As the matter now stands, there appears a valid, unchallenged option-contract supported by a consideration of $50.00 paid by appellants to appellees, whereby appellees agreed, upon the exercise by appellants of their agreed right “to close this option,” to execute to appellants a good “warranty” deed to certain real estate described therein at an agreed price per acre; which said contract appellees refused to perform upon their own self-invoked interpretation of the contract in a manner favorable to them. And by reason of such personal interpretation by appellees of an unambiguous agreement, appellants are denied the equities exercisable by the court in the premises and their contract rights are brushed aside and left to perish, together with the consideration paid by them under the terms of the agreement. In result, the case savors of an enforced unilateral contract rather than the adjustment of mutual rights under a bilateral contract.

In our opinion it appears rather incongruous that appellees should execute an option for the purchase of an estimated 5.2 acres of their land by appellants (who closed said option within the specified time) and thereafter demanded payment from the appellants for 8.95 acres, based on the same option contract.

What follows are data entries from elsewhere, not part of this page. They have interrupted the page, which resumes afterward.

(* For every integer $d\ge 1$, the class of finite unit ball graphs in $\mathbb{R}^d$ has asymptotic dimension at most $d$.
   Context: A unit ball graph in $\mathbb{R}^d$ is a graph whose vertices can be mapped to points of $\mathbb{R}^d$ such that two vertices are adjacent if and only if the corresponding points are at Euclidean distance at most $1$. Graphs are metric spaces with the shortest-path distance. For a metric space $(X,d)$, a family $\mathcal U$ of subsets is $D$-bounded if every member has diameter at most $D$, and $r$-disjoint if points in different members are at distance $>r$. A function $D:\mathbb{R}^+\to\mathbb{R}^+$ is an $n$-dimensional control function for $X$ if for every $r>0$ there is a cover $\mathcal U=\mathcal U_1\cup\dots\cup\mathcal U_{n+1}$ of $X$ with each $\mathcal U_i$ $r$-disjoint and each member $D(r)$-bounded; a class has asymptotic dimension at most $n$ if one such function works for all its members. *)

theory Defs
  imports "HOL-Analysis.Analysis" "HOL-Library.Extended_Nat"
begin

text \<open>A finite (simple) graph is given by a finite vertex set V :: nat set and an
adjacency relation E. Vertices are natural numbers (every finite graph is
isomorphic to one of these).\<close>

definition simple_graph :: "nat set \<Rightarrow> (nat \<Rightarrow> nat \<Rightarrow> bool) \<Rightarrow> bool" where
  "simple_graph V E \<longleftrightarrow> finite V \<and>
     (\<forall>u v. E u v \<longrightarrow> u \<in> V \<and> v \<in> V \<and> u \<noteq> v) \<and> (\<forall>u v. E u v \<longrightarrow> E v u)"

text \<open>Unit ball graph in the Euclidean space real^'n (dimension CARD('n)).
The map p need not be injective.\<close>
definition unit_ball_graph :: "'n::finite itself \<Rightarrow> nat set \<Rightarrow> (nat \<Rightarrow> nat \<Rightarrow> bool) \<Rightarrow> bool" where
  "unit_ball_graph _ V E \<longleftrightarrow> simple_graph V E \<and>
     (\<exists>p :: nat \<Rightarrow> real ^ 'n. \<forall>u\<in>V. \<forall>v\<in>V. u \<noteq> v \<longrightarrow> (E u v \<longleftrightarrow> dist (p u) (p v) \<le> 1))"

In the hope of clarity of our views, it must be observed that appellees agreed, upon valuable consideration, to execute a “warranty” deed to the property described in the option. Under the existing facts, appellees are powerless to effectively “warrant” a good “merchantable” title to the land under the highways. Therefore, it must stand to reason that they did not intend that the description of the land in the option, which the appellants were to purchase and pay for, was to extend by metes and bounds to the center of the highways. Further, it is not to be presumed, in interpreting a written contract, that the parties intend to undertake the performance of impossible acts. It follows that appellees’ contention is rendered untenable by the impossibility of their performance of the very thing they contend for. Assume, for instance, that appellants were agreeable to a description of the land extending to the center of the highways, in what way or manner other than the vacation of the public highway easement, could appellees “warrant” a “merchantable” title to appellants of the land beneath the public highways? Merchantable Title: Kenefick v. Schumaker (1917), 64 Ind. App. 552, 568, 116 N. E. 319; Smith et al. v. Turner et al. (1875), 50 Ind. 367, 372, 373; 66 C. J. Vendor and Purchaser, §532. Appellees’ own contention demonstrates the lack of any ambiguity in the contract description of the land and also establishes the futility of their asserted reason for refusing to perform the contract.

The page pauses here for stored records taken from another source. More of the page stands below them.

(* Let $n$ be a positive integer and let $\frac{a_1}{b_1} < \frac{a_2}{b_2} < \cdots$ be the Farey sequence of order $n$. Let $k \le l$ be indices and let $\frac{a}{b}$ (in lowest terms) be a fraction of the Farey sequence of order $n$ with $\frac{a_k}{b_k} \le \frac{a}{b} \le \frac{a_l}{b_l}$. If $l - k \le \frac{n+b+1}{2b}$, then $(a_l - a_k)(b_l - b_k) \ge 0$.
   Context: The Farey sequence of order $n$ is the increasing list of all reduced fractions $\frac{a}{b}$ with $0 \le \frac{a}{b} \le 1$ and $1 \le b \le n$ (including $\frac01$ and $\frac11$), each written in lowest terms, indexed in increasing order. Two fractions $\frac{a}{b}, \frac{a'}{b'}$ in lowest terms are called similarly ordered if $(a'-a)(b'-b) \ge 0$. *)

theory Defs
  imports "HOL-Analysis.Analysis"
begin

definition farey_set :: "nat \<Rightarrow> rat set" where
  "farey_set n = {q. 0 \<le> q \<and> q \<le> 1 \<and> snd (quotient_of q) \<le> int n}"

definition farey :: "nat \<Rightarrow> rat list" where
  "farey n = sorted_list_of_set (farey_set n)"

definition num :: "rat \<Rightarrow> int" where "num q = fst (quotient_of q)"
definition den :: "rat \<Rightarrow> int" where "den q = snd (quotient_of q)"

end

theory Submission
  imports Defs
begin

(*
  Let q = a/b and let p/r be its left neighbour in the Farey sequence of order b, so that
  a r - b p = 1. As (p, r), (a, b) is a unimodular basis of Z^2, every reduced u/v in
  [(p + t a)/(r + t b), a/b) is (u, v) = d (p, r) + s (a, b) with d >= 1 and s >= t d, and
  v < 2 (r + t b) forces d = 1: u/v is then a left neighbour (p + s a)/(r + s b) of q. The same
  holds to the right of q with (a - p, b - r) in place of (p, r), and a left and a right
  neighbour of q are always similarly ordered.
  Now let x <= q <= y in the Farey sequence of order n with num x < num y and den y < den x.
  Then x and y are not both neighbours of q, so on one side of q all neighbours with denominator
  in (n/2, n] lie strictly between x and y (all those with denominator in (0, n] if q = x or
  q = y). There are more than n/(2b) - 1 of them, so [x, y] contains more than
  (n + b + 1)/(2b) + 1 fractions of the sequence.
*)

lemma Fract_num_den [simp]: "Fract (num x) (den x) = x"
  by (simp add: num_def den_def)

lemma den_pos: "0 < den x"
  by (simp add: den_def quotient_of_denom_pos')

lemma coprime_num_den: "coprime (num x) (den x)"
  by (simp add: num_def den_def quotient_of_coprime)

The briefs contain intimations that, because appellants submitted a deed which was unacceptable to appellees and the latter submitted a deed which was not acceptable to the former, it is evident that the agreement does not express the true intentions of the parties and, therefore, that such ambiguity becomes so apparent as to render the contract unenforceable by specific performance. We think there is nothing to this intimation. Such acts are insufficient to change the terms of the written agreement or instrument in the absence of a mutual agreement therefor.

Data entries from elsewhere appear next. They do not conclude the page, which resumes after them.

theorem mainTheorem11:
  fixes c :: "int \<times> int \<Rightarrow> complex" and z :: complex
  assumes "trig2 c"
    and "\<forall>x y. Im (tval2 c x y) = 0 \<and> Re (tval2 c x y) > 0"
    and "n1 c \<ge> 1"
    and "z \<in> annulus (sigma1 c)"
  shows "(\<forall>y. Re (tval1 (Gamma z c) y) \<ge> min2 c / 2)
    \<and> supnorm1 (Gamma z c) \<le> supnorm2 c + min2 c / 2
    \<and> rho1 (Gamma z c) \<ge> rho2 c / (2 * exp 1)"
proof -
  have pos: "\<forall>x y. Re (tval2 c x y) > 0" using assms(2) by blast
  define x0 where "x0 = Arg z / (2 * pi)"
  have close: "cmod (tval1 (Gamma z c) y - tval2 c x0 y) \<le> min2 c / 2" for y
    unfolding x0_def using Gamma_close_to_slice[OF assms(1) pos assms(3,4)] .
  have re: "min2 c / 2 \<le> Re (tval1 (Gamma z c) y)" for y
    using close[of y] min2_bounds(2)[OF pos, of x0 y]
      abs_Re_le_cmod[of "tval1 (Gamma z c) y - tval2 c x0 y"] by simp
  have "cmod (tval1 (Gamma z c) y) \<le> supnorm2 c + min2 c / 2" for y
    using close[of y] norm_tval2_le_supnorm2[of c x0 y]
      norm_triangle_ineq2[of "tval1 (Gamma z c) y" "tval2 c x0 y"] by linarith
  then have sup: "supnorm1 (Gamma z c) \<le> supnorm2 c + min2 c / 2"
    by (rule supnorm1_le)
  have "rho2 c / (2 * exp 1) \<le> rho1 (Gamma z c)"
    using min2_bounds(1)[OF pos] min2_le_l1norm2[OF pos] re
      l1norm1_Gamma_annulus[OF assms(1,3,4)]
    by (rule rho1_lower_bound)
  with re sup show ?thesis by blast
qed

end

It appears from the evidence that the deed submitted by appellants contained the description given in the contract and that appellees refused to sign it because it did not contain the land under the highways. Yet, the court denied appellants any equitable relief notwithstanding that the established facts show that the appellants’ deed, in so far as the description of the land is concerned, was the description contained .in the option-contract.

The evidence also discloses that appellants closed said option in order to acquire said land or real estate upon which to build a contemplated motel. It would seem, therefore, that the particular real estate possessed an intrinsic value to appellants and the latter could not be adequately recompensed by way of damages in lieu of enforcement of the option-contract by specific performance.

The judgment appealed from should be reversed and the cause remanded with instructions for further proceedings not inconsistent with the opinion of this court.

Judgment reversed.

Gonas, Kelley and Smith, JJ., concur.

Note. — Reported in 163 N. E. 2d 620.